Once we find the most relevant document to the query, we can generate the prompt for Gemini to process and respond to using the following **make_prompt** function.

In [217]:
# Provided prompt from https://github.com/google-gemini/cookbook/blob/main/examples/Talk_to_documents_with_embeddings.ipynb
def make_prompt(query, relevant_passage):
  escaped = relevant_passage.replace("'", "").replace('"', "").replace("\n", " ")
  prompt = textwrap.dedent("""You are a helpful and informative bot that answers questions using text from the reference passage included below. \
  Be sure to respond in a complete sentence, being comprehensive, including all relevant background information. \
  However, you are talking to a non-technical audience, so be sure to break down complicated concepts and \
  strike a friendly and converstional tone. \
  If the passage is irrelevant to the answer, you may ignore it. Refer to the movie list in answering questions
  at all times.
  QUESTION: '{query}'
  PASSAGE: '{relevant_passage}'

    ANSWER:
  """).format(query=query, relevant_passage=escaped)

  return prompt

Finally, we can put it all together with the following method. As shown below, the entire flow can be broken down into three steps:

1. Generate the embedding for the query
2. Generate the prompt using the query and the relevant movie that the calculation of cosine-similarity indicated
3. Give the prompt to Gemini, which contains the user query and the summary of the most relevant movie to the query, so that Gemini can now respond to the original user query



In [207]:
def ask_movie_chatbot(query):
  response = generate_query_embeddings(query, df)
  prompt = make_prompt(query, response)
  answer = gemini_model.generate_content(prompt)

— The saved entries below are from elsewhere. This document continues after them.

(* Let $\Omega$ be a topological space and suppose that for every space $\Omega'$ homeomorphic to $\Omega$ a family $\mathcal{K}(\Omega')$ of subsets of $\Omega'$ is given such that: (AX1) if $\Omega_1\cong\Omega_2\cong\Omega$ and $h\colon\Omega_1\to\Omega_2$ is a homeomorphism, then for every $A\subset\Omega_1$, $A\in\mathcal{K}(\Omega_1)$ iff $h(A)\in\mathcal{K}(\Omega_2)$; (AX2) if $K_1,K_2\in\mathcal{K}(\Omega)$ and $K_1\cong K_2$, then there is a homeomorphism of $\Omega$ onto $\Omega$ mapping $K_1$ onto $K_2$. Suppose further that for all $K,L\in\mathcal{K}(\Omega)$ and $f\in\mathcal{C}(K,L)$ there are given a topological space $\Lambda(K)$, a map $\Lambda(f)\in\mathcal{C}(\Lambda(K),\Lambda(L))$ and a topological embedding $\delta_K\colon K\to\Lambda(K)$ such that: ($\Lambda$1) $\Lambda(\mathrm{id}_K)=\mathrm{id}_{\Lambda(K)}$ and $\Lambda(g\circ f)=\Lambda(g)\circ\Lambda(f)$ whenever the composition makes sense; ($\Lambda$2) $\Lambda(K)\cong\Omega$ and $\delta_K(K)\in\mathcal{K}(\Lambda(K))$ for each $K\in\mathcal{K}(\Omega)$; ($\Lambda$3) $\Lambda(f)\circ\delta_K=\delta_L\circ f$ for all $K,L\in\mathcal{K}(\Omega)$, $f\in\mathcal{C}(K,L)$. Then there is an assignment, defined for all $K,L\in\mathcal{K}(\Omega)$ and $\varphi\in\mathcal{C}(K,L)$, $(\varphi,L)\mapsto\widehat{\varphi}_L\in\mathcal{C}(\Omega,\Omega)$, such that $\widehat{\varphi}_L$ extends $\varphi$, $\widehat{\mathrm{id}_L}_L=\mathrm{id}_\Omega$ and $\widehat{(\psi\circ\varphi)}_M=\widehat\psi_M\circ\widehat\varphi_L$ for $\psi\in\mathcal{C}(L,M)$, $M\in\mathcal{K}(\Omega)$. If moreover $\Omega$ is metrizable and for each $K\in\mathcal{K}(\Omega)$ there is an assignment $\operatorname{Metr}(K)\ni d\mapsto\Lambda(d)\in\operatorname{Metr}(\Lambda(K))$ such that ($\Lambda$4) $d(x,y)=\Lambda(d)(\delta_K(x),\delta_K(y))$ for $x,y\in K$, and ($\Lambda$5) for all $K,L\in\mathcal{K}(\Omega)$ and $\varrho\in\operatorname{Metr}(L)$ the map $(\mathcal{C}(K,L),\varrho_{\sup})\ni\psi\mapsto\Lambda(\psi)\in(\mathcal{C}(\Lambda(K),\Lambda(L)),\Lambda(\varrho)_{\sup})$ is isometric, then for every $L\in\mathcal{K}(\Omega)$ and $d\in\operatorname{Metr}(L)$ there is $\widehat d\in\operatorname{Metr}(\Omega)$ extending $d$ such that for every $K\in\mathcal{K}(\Omega)$ the map $(\mathcal{C}(K,L),d_{\sup})\ni\varphi\mapsto\widehat\varphi_L\in(\mathcal{C}(\Omega,\Omega),\widehat d_{\sup})$ is isometric.
   Context: $\mathcal{C}(X,Y)$ denotes the set of continuous maps $X\to Y$; $\operatorname{Metr}(X)$ denotes the set of all compatible (i.e. inducing the topology) bounded metrics on a metrizable space $X$; for a metric $d$ on $Y$, $d_{\sup}(f,g)=\sup_x d(f(x),g(x))$. *)

theory Defs
  imports "HOL-Analysis.Analysis"
begin

text \<open>C(K,L) for subsets K, L of the space Om (with subspace topologies);
  maps are represented extensionally (value undefined outside K), so that
  HOL functions correspond exactly to set-theoretic maps K -> L.\<close>
definition cmaps :: "'a topology \<Rightarrow> 'a set \<Rightarrow> 'a set \<Rightarrow> ('a \<Rightarrow> 'a) set" where
  "cmaps Om K L = {f. continuous_map (subtopology Om K) (subtopology Om L) f \<and> f \<in> extensional K}"
(* Let $a\ge 2$ be an integer, $p$ a prime and $n\ge 1$ an integer. Then $$N=\frac{a^{p^n}-1}{a^{p^{n-1}}-1}$$ is primover to base $a$ if and only if $\gcd\bigl(N,\,a^{p^{n-1}}-1\bigr)=1$.
   Context: For an integer $a>1$ and an odd integer $n>1$ with $\gcd(a,n)=1$: $h_a(n)$ denotes the multiplicative order of $a$ modulo $n$. A cyclotomic coset of $a$ modulo $n$ is a set of the form $\{\, s a^j \bmod n : j\ge 0\,\}$ with $s\in\{1,\dots,n-1\}$; these cosets partition $\{1,\dots,n-1\}$, and $r_a(n)$ denotes the number of distinct cyclotomic cosets of $a$ modulo $n$. An odd composite number $n$ coprime to $a$ is called an overpseudoprime to base $a$ if $n=r_a(n)\,h_a(n)+1$. An integer $N>1$ is called primover to base $a$ if it is either prime or an overpseudoprime to base $a$. *)

theory Defs
  imports "HOL-Number_Theory.Number_Theory"
begin

definition h_ord :: "nat \<Rightarrow> nat \<Rightarrow> nat" where
  "h_ord a n = ord n a"

definition cyc_coset :: "nat \<Rightarrow> nat \<Rightarrow> nat \<Rightarrow> nat set" where
  "cyc_coset a n s = {(s * a ^ j) mod n | j. True}"

definition r_cos :: "nat \<Rightarrow> nat \<Rightarrow> nat" where
  "r_cos a n = card (cyc_coset a n ` {1..n-1})"

definition overpseudoprime :: "nat \<Rightarrow> nat \<Rightarrow> bool" where
  "overpseudoprime a n \<longleftrightarrow> odd n \<and> n > 1 \<and> \<not> prime n \<and> coprime a n
     \<and> n = r_cos a n * h_ord a n + 1"

definition primover :: "nat \<Rightarrow> nat \<Rightarrow> bool" where
  "primover a N \<longleftrightarrow> N > 1 \<and> (prime N \<or> overpseudoprime a N)"

end

theory Submission
  imports Defs
begin

(* Write b = a^(p^m) and S = 1 + b + ... + b^(p-1), so that (b - 1) S = a^(p^(m+1)) - 1 and S is
   the quotient N of the theorem (with n = m + 1).  Since b = 1 (mod b - 1) we get S = p (mod b - 1),
   hence gcd (S, b - 1) = gcd (p, b - 1), which is 1 unless p divides b - 1.

   Two general criteria follow:
   - if every prime factor q of N satisfies ord q a = h, where a^h = 1 (mod N) and h >= 2, then every
     coset is full, N is odd and coprime to a, so N is primover;
   - if a = 1 modulo a prime divisor p < N of N but not modulo N, the coset of N/p is a singleton,
     so N is neither prime nor an overpseudoprime.
   For S: if p does not divide b - 1, every prime factor q of S has ord q a = p^(m+1) (it divides
   a^(p^(m+1)) - 1 but not b - 1), giving the first criterion; if p divides b - 1, then p divides S
   and, by Fermat, a = b = 1 (mod p), giving the second. *)

section \<open>Cyclotomic cosets\<close>

lemma mult_pow_mod_ord:
  fixes a N s j :: nat
  assumes "coprime a N"
  shows "s * a ^ j mod N = s * a ^ (j mod ord N a) mod N"
proof -
  have "[a ^ j = a ^ (j mod ord N a)] (mod N)"
    using order_divides_expdiff[of N a j "j mod ord N a"] assms
    by (simp add: coprime_commute cong_def)
  then show ?thesis by (simp add: cong_def[symmetric] cong_scalar_left)
qed

lemma cyc_coset_eq_image:
  fixes a N s :: nat
  assumes "coprime a N"
  shows "cyc_coset a N s = (\<lambda>j. s * a ^ j mod N) ` {..<ord N a}"
proof -
  have "ord N a > 0" using assms by (simp add: coprime_commute)
  then have "s * a ^ j mod N \<in> (\<lambda>j. s * a ^ j mod N) ` {..<ord N a}" for j
    using mult_pow_mod_ord[OF assms, of s j] by (intro image_eqI[of _ _ "j mod ord N a"]) auto
  then show ?thesis unfolding cyc_coset_def by auto
qed

lemma cyc_coset_finite_card_le:
  fixes a N s :: nat
  assumes "coprime a N"
  shows "finite (cyc_coset a N s)" and "card (cyc_coset a N s) \<le> ord N a"
  using card_image_le[of "{..<ord N a}" "\<lambda>j. s * a ^ j mod N"] cyc_coset_eq_image[OF assms]
  by auto

text \<open>Multiplication by powers of a unit keeps nonzero residues nonzero.\<close>
lemma cyc_coset_subset:
  fixes a N s :: nat
  assumes "coprime a N" and "s \<in> {1..N-1}"
  shows "cyc_coset a N s \<subseteq> {1..N-1}"
proof
  fix x assume "x \<in> cyc_coset a N s"
  then obtain j where x: "x = s * a ^ j mod N" unfolding cyc_coset_def by auto
  have "\<not> N dvd s * a ^ j"
  proof
    assume "N dvd s * a ^ j"
    then have "N dvd s" using assms(1) by (simp add: coprime_commute coprime_dvd_mult_left_iff)
    then show False using assms(2) by (auto dest: dvd_imp_le)
  qed
  moreover have "0 < N" using assms(2) by (cases N) auto
  then have "x < N" using x by simp
  ultimately show "x \<in> {1..N-1}" using x by (auto simp: dvd_eq_mod_eq_0)
qed

lemma cyc_coset_self:
  fixes a N s :: nat
  assumes "s < N"
  shows "s \<in> cyc_coset a N s"
  unfolding cyc_coset_def using assms by (auto intro: exI[of _ 0])

lemma cyc_coset_eq_if_mem:
  fixes a N s x :: nat
  assumes cop: "coprime a N" and x: "x \<in> cyc_coset a N s"
  shows "cyc_coset a N x = cyc_coset a N s"
proof -
  let ?h = "ord N a"
  obtain j where xj: "x = s * a ^ j mod N" using x unfolding cyc_coset_def by auto
  have shift: "x * a ^ k mod N = s * a ^ (j + k) mod N" for k
    by (simp add: xj mod_mult_left_eq power_add mult.assoc)
  have "s * a ^ k mod N \<in> cyc_coset a N x" for k
  proof -
    have "(j + (k + (?h - 1) * j)) mod ?h = k mod ?h"
    proof -
      have "?h > 0" using cop by (simp add: coprime_commute)
      then have "j + (k + (?h - 1) * j) = k + ?h * j" by (cases ?h) (auto simp: algebra_simps)
      then show ?thesis by (metis mod_mult_self2)
    qed
    then have "x * a ^ (k + (?h - 1) * j) mod N = s * a ^ k mod N"
      using mult_pow_mod_ord[OF cop, of s] by (metis shift)
    then show ?thesis unfolding cyc_coset_def by (metis (mono_tags, lifting) mem_Collect_eq)
  qed
  then show ?thesis using shift unfolding cyc_coset_def by auto
qed

text \<open>The cosets partition \<open>{1..N-1}\<close>.\<close>
lemma sum_card_cyc_cosets:
  fixes a N :: nat
  assumes "coprime a N"
  shows "N - 1 = (\<Sum>C \<in> cyc_coset a N ` {1..N-1}. card C)"
proof -
  let ?A = "cyc_coset a N ` {1..N-1}"
  have union: "\<Union>?A = {1..N-1}"
  proof
    show "\<Union>?A \<subseteq> {1..N-1}" using cyc_coset_subset[OF assms] by blast
    have "s \<in> cyc_coset a N s" if "s \<in> {1..N-1}" for s
      using that by (intro cyc_coset_self) auto
    then show "{1..N-1} \<subseteq> \<Union>?A" by blast
  qed
  have disjoint: "pairwise disjnt ?A"
  proof (rule pairwiseI)
    fix X Y assume X: "X \<in> ?A" and Y: "Y \<in> ?A" and "X \<noteq> Y"
    show "disjnt X Y" unfolding disjnt_def
    proof (rule equals0I)
      fix x assume "x \<in> X \<inter> Y"
      then have "cyc_coset a N x = X" "cyc_coset a N x = Y"
        using X Y cyc_coset_eq_if_mem[OF assms, of x] by auto
      then show False using \<open>X \<noteq> Y\<close> by simp
    qed
  qed
  have "card (\<Union>?A) = (\<Sum>C\<in>?A. card C)"
    using card_Union_disjoint[OF disjoint] cyc_coset_finite_card_le(1)[OF assms] by blast
  then show ?thesis using union by simp
qed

  return Markdown(answer.text)

Here's an example of how this works!

In [219]:
query = "What movie is about a scientist?"
ask_movie_chatbot(query)

The movie *The Theory of Everything* is about Stephen Hawking, a brilliant astrophysics student at the University of Cambridge.  The film follows his life, from his diagnosis with motor neuron disease to his groundbreaking work on black holes and his rise to international fame as a physicist.